| INSTRUCTIONS TO FOLLOW |
Filter these entries, keeping only lines that hold the word "blast".

[Opening EXTRACTED DATA section]

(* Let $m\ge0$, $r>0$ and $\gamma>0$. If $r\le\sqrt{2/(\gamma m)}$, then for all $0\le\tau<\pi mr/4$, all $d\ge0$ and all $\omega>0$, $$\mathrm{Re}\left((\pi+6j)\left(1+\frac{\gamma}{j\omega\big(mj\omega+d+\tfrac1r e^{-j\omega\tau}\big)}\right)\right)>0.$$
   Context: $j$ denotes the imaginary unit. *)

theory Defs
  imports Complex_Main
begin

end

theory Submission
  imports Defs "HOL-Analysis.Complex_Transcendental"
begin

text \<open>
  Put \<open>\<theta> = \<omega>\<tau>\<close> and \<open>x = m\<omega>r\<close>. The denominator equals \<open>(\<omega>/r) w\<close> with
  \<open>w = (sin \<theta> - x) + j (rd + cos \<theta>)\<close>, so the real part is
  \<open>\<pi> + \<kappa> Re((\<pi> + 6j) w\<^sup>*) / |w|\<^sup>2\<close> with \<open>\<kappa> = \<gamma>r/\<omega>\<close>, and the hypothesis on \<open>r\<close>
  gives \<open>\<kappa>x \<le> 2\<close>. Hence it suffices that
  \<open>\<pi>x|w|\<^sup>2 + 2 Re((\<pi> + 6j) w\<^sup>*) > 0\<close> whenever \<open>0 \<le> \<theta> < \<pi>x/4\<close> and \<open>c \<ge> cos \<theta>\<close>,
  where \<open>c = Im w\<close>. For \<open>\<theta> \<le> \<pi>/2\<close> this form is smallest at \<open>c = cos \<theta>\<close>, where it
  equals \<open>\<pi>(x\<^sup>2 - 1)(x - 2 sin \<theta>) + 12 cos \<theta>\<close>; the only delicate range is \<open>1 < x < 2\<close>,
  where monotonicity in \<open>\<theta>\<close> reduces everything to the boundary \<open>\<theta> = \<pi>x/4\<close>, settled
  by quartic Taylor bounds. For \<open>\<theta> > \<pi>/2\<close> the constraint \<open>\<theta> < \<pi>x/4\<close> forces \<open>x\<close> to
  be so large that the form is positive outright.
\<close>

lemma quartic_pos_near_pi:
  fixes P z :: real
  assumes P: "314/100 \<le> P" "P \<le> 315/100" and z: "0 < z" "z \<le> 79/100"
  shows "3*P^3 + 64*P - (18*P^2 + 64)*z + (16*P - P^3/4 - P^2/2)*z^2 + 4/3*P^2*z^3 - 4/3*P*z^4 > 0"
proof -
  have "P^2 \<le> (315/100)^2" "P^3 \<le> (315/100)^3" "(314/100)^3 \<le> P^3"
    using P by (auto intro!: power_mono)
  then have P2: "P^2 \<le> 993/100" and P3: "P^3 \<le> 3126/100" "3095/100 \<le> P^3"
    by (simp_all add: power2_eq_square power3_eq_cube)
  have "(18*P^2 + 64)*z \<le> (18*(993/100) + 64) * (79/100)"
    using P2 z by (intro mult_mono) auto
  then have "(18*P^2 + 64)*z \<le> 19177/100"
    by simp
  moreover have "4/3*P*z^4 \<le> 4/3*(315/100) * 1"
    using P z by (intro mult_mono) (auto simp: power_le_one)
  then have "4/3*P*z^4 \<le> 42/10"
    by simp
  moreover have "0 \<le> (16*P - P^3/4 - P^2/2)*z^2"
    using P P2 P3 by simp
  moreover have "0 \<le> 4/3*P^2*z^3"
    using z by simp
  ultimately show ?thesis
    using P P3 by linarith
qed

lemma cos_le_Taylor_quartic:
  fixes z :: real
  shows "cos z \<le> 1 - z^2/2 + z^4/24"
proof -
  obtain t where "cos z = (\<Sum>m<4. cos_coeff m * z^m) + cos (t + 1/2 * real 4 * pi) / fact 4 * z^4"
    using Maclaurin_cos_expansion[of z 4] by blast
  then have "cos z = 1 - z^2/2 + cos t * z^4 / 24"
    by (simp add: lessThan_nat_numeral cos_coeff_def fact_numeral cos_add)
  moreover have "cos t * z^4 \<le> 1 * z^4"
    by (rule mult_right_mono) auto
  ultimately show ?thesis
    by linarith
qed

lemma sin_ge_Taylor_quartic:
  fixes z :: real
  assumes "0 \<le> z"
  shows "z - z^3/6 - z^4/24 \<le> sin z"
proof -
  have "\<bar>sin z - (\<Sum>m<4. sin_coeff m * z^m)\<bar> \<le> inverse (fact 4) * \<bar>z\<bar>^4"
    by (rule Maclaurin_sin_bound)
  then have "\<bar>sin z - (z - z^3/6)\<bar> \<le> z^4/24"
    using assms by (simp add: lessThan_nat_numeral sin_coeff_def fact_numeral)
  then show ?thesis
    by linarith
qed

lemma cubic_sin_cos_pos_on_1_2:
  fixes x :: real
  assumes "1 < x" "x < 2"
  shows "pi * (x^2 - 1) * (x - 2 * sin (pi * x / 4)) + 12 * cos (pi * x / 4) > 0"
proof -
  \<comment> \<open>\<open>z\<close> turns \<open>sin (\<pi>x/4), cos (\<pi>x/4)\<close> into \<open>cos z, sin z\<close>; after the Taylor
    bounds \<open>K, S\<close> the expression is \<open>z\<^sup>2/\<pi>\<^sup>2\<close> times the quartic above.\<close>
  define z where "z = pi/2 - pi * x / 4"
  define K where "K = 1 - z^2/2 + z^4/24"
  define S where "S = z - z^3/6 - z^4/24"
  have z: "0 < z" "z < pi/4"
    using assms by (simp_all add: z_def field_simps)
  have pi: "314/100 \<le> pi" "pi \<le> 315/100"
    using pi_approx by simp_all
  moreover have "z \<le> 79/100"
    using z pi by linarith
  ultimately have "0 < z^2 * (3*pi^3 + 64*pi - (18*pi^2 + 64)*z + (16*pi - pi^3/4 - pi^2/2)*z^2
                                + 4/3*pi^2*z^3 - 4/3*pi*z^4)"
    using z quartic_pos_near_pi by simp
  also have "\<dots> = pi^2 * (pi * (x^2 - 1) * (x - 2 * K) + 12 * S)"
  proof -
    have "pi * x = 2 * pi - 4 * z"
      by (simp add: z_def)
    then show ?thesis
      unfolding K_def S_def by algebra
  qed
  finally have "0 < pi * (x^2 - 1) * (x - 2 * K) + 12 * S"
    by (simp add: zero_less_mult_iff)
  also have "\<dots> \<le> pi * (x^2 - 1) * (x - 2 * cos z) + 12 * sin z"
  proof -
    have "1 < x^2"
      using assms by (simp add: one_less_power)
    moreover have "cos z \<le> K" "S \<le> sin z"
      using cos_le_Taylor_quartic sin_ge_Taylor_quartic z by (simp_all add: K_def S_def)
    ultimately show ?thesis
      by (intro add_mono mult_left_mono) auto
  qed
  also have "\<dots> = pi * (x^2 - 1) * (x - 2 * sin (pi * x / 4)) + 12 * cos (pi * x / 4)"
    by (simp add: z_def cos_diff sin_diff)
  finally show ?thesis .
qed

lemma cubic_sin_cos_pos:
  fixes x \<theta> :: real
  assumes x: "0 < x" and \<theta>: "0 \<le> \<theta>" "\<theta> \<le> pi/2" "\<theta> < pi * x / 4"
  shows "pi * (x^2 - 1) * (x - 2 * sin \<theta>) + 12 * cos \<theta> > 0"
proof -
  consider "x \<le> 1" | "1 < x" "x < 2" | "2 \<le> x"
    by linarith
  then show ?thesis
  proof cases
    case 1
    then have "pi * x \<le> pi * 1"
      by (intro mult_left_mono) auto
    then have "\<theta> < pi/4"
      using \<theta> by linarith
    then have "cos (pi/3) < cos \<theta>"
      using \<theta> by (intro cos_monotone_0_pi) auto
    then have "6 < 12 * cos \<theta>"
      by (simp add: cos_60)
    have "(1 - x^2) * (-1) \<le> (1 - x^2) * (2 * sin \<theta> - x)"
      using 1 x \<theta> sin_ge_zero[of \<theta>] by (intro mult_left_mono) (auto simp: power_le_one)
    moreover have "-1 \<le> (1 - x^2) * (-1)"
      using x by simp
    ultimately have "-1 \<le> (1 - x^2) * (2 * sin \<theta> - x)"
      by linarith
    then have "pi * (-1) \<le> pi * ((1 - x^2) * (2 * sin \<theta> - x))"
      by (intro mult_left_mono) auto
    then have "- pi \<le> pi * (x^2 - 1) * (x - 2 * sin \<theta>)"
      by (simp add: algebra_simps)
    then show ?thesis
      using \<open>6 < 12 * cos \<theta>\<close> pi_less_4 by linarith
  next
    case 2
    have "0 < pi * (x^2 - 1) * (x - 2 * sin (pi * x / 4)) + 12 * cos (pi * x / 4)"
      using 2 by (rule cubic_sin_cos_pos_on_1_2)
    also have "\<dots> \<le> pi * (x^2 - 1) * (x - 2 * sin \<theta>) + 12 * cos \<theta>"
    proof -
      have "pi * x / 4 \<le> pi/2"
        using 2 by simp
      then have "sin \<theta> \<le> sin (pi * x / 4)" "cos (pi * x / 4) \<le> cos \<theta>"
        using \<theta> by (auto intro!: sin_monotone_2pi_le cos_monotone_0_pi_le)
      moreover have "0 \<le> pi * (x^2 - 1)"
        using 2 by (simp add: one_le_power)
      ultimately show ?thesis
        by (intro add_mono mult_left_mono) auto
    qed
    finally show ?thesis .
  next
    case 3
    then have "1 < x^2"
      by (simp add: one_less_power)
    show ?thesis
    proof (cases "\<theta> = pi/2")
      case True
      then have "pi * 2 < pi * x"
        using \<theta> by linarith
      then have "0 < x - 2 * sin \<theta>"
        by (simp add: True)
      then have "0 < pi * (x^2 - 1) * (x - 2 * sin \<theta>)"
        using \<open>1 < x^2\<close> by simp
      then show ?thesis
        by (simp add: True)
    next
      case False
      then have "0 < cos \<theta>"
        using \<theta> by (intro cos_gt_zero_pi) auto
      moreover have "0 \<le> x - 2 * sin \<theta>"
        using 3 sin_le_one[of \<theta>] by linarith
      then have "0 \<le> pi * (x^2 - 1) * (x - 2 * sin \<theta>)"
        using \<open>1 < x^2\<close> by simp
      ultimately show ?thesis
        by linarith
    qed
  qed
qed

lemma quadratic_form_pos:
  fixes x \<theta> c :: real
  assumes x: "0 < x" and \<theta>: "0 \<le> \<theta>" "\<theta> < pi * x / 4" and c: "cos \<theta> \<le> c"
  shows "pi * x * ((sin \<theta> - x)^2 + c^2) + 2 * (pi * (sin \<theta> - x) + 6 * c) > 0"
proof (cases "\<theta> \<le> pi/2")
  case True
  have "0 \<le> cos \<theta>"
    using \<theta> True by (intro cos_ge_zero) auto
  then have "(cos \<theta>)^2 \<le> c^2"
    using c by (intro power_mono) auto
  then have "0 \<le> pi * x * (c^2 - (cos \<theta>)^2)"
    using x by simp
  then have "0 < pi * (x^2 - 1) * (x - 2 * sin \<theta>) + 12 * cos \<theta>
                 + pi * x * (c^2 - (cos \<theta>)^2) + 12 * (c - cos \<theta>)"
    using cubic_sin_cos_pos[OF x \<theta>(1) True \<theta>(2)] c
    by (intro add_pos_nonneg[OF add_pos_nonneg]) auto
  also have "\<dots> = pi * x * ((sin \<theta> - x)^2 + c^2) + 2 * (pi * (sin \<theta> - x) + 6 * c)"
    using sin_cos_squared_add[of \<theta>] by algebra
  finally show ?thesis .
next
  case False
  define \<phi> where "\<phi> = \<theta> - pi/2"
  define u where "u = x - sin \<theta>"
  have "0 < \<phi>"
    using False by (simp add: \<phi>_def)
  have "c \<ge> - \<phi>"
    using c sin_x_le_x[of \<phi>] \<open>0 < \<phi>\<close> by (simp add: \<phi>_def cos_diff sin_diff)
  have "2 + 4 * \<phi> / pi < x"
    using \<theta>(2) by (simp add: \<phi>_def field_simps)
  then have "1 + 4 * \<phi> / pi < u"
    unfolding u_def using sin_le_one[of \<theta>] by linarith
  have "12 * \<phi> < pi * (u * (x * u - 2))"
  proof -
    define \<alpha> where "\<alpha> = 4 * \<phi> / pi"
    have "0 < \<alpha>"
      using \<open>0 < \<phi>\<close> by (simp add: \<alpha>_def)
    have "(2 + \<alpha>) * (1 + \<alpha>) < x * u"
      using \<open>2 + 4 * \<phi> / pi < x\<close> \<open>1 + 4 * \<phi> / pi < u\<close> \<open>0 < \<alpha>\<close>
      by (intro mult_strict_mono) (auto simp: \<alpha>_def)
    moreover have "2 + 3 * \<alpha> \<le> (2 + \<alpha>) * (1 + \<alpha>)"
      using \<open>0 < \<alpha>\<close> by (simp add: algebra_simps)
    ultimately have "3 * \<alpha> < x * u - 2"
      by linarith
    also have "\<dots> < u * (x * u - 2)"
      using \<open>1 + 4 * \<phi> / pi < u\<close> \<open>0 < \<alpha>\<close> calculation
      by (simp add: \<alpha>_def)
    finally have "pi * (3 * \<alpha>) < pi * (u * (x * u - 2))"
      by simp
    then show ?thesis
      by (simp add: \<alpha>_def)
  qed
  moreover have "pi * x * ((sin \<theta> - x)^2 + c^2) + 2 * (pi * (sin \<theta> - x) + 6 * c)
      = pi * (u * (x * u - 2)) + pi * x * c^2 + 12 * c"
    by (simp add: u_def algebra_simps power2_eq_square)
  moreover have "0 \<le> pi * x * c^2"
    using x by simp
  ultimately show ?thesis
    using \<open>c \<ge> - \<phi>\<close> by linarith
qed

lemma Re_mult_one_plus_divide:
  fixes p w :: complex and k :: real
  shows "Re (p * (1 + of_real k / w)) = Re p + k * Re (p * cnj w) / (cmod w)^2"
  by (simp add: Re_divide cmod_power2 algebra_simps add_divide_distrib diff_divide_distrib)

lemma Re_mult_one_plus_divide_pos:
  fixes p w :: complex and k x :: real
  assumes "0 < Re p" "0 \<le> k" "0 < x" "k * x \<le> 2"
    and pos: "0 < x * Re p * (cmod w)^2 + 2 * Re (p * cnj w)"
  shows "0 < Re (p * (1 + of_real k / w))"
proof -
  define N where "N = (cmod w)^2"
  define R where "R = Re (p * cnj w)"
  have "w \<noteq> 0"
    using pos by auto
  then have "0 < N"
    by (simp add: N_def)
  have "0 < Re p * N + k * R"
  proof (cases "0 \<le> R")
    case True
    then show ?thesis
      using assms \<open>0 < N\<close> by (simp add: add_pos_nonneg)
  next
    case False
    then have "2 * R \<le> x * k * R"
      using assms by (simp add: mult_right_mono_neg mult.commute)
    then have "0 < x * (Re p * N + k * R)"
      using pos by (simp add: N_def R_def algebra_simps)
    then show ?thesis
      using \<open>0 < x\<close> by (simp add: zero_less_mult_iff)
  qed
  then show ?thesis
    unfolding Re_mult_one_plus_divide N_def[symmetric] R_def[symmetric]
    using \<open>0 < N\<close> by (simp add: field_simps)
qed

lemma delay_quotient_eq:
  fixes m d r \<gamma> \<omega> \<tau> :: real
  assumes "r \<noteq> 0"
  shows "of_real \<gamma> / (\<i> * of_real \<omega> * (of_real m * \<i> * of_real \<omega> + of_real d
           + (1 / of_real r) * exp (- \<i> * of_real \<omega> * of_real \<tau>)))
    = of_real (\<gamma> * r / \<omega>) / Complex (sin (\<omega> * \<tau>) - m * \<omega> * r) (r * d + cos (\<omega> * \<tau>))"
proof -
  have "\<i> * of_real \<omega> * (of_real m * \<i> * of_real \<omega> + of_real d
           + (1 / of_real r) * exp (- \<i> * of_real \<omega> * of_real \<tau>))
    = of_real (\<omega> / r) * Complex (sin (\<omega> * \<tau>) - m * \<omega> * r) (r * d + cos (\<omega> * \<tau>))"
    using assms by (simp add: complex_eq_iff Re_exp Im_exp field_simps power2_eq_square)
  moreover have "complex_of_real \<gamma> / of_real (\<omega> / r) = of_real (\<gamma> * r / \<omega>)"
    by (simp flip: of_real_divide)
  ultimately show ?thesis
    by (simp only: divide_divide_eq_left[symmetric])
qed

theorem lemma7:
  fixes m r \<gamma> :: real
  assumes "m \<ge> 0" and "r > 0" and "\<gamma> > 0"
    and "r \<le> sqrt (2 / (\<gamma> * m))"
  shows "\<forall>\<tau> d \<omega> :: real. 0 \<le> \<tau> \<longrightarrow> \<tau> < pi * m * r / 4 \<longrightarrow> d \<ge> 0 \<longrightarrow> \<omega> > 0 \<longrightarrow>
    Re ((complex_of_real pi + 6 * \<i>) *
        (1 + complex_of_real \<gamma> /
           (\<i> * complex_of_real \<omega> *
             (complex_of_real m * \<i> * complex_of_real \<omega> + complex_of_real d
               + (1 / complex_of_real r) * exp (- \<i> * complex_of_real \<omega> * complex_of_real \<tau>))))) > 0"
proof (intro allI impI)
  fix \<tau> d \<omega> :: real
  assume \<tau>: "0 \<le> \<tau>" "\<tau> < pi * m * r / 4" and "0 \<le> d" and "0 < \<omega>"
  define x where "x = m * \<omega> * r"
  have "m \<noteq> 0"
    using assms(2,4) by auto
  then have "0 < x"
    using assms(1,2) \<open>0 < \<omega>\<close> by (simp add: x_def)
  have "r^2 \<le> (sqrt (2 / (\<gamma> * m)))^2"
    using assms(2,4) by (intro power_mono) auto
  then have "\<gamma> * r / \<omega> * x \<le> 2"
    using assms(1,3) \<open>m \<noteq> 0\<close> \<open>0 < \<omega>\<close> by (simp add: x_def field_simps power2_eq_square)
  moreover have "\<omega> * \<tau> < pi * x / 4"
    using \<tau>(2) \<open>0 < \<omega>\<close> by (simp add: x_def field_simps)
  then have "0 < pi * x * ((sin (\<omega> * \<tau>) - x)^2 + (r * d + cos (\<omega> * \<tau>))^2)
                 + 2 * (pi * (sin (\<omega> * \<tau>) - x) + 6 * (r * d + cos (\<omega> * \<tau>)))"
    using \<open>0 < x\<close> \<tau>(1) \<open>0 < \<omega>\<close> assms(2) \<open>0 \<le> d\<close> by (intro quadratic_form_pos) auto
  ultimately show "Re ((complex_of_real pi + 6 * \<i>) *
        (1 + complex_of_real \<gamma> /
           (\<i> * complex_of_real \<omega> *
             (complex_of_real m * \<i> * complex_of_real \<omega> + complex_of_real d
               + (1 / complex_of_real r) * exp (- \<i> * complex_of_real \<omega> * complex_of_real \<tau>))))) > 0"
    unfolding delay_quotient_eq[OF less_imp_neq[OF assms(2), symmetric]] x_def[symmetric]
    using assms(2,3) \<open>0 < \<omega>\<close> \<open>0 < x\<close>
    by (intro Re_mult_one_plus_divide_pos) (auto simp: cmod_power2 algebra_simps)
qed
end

[Closing EXTRACTED DATA section]
[Opening EXTRACTED DATA section]

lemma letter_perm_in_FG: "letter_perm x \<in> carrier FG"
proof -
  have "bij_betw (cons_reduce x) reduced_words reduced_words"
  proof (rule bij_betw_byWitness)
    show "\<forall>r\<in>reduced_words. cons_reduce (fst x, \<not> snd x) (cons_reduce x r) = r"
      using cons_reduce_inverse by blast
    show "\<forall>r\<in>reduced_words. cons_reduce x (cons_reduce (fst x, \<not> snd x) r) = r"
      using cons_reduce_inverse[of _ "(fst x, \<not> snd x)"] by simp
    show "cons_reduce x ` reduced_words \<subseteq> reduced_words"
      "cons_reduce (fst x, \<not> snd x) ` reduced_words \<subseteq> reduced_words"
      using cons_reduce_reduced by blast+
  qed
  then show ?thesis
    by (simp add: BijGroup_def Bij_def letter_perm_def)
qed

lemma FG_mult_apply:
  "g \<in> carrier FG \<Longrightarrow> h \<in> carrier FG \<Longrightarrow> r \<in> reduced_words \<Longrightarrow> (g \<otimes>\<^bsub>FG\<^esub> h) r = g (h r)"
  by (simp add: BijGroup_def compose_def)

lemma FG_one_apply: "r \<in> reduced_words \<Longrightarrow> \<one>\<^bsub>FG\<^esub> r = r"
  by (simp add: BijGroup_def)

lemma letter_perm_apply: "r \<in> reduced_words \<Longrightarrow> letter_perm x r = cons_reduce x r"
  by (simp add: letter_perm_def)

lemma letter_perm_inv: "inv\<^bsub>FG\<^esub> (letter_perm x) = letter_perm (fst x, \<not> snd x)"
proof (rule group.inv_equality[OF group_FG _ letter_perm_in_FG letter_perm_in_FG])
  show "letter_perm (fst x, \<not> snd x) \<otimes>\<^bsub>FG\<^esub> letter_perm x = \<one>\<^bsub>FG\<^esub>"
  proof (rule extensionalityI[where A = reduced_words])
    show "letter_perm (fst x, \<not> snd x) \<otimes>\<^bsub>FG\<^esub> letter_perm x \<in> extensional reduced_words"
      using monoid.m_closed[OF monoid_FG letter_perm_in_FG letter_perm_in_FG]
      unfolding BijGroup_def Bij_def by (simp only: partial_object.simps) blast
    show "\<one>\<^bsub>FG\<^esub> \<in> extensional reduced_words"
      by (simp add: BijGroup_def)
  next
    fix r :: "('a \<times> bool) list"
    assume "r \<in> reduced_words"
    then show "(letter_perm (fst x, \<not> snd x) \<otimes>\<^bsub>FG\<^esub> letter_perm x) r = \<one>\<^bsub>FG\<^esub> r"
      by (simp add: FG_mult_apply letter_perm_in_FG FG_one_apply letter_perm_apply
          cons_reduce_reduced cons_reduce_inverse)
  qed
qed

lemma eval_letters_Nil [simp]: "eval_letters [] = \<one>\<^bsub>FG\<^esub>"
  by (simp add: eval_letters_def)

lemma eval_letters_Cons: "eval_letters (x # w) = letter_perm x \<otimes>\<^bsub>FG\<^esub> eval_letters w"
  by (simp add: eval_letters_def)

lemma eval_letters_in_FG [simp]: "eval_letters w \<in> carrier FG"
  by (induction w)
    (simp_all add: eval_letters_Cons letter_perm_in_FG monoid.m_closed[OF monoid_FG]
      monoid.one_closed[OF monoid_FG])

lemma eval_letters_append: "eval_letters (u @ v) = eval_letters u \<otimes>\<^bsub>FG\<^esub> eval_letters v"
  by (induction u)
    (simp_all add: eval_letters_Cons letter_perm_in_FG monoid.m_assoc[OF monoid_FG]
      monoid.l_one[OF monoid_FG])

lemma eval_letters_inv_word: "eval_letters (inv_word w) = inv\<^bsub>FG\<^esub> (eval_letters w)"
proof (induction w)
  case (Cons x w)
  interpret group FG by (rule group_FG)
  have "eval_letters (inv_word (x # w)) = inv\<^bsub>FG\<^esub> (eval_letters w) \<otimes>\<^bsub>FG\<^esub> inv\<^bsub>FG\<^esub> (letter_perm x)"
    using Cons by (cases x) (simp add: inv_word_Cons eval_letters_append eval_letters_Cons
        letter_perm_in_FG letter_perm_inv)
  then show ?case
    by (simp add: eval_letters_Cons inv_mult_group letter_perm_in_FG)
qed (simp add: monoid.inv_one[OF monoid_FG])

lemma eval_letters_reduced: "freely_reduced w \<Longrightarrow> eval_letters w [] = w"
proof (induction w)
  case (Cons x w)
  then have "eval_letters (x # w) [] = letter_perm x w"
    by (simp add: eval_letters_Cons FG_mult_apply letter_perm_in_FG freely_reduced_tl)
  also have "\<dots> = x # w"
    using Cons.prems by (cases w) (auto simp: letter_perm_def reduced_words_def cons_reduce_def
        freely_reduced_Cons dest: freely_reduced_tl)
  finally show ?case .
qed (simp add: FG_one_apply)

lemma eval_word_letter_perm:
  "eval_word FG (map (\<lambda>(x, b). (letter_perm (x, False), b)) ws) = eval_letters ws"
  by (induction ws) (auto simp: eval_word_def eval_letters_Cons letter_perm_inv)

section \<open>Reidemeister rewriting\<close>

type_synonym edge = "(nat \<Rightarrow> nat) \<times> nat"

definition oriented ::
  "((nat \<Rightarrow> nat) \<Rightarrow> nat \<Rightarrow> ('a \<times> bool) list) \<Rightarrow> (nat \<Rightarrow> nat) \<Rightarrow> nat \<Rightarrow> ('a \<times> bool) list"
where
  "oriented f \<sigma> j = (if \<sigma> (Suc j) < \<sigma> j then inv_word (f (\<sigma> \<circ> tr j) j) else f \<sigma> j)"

[Closing EXTRACTED DATA section]

| FINAL ANSWER |
    using Maclaurin_cos_expansion[of z 4] by blast
      using cons_reduce_inverse by blast
      using cons_reduce_reduced by blast+
      unfolding BijGroup_def Bij_def by (simp only: partial_object.simps) blast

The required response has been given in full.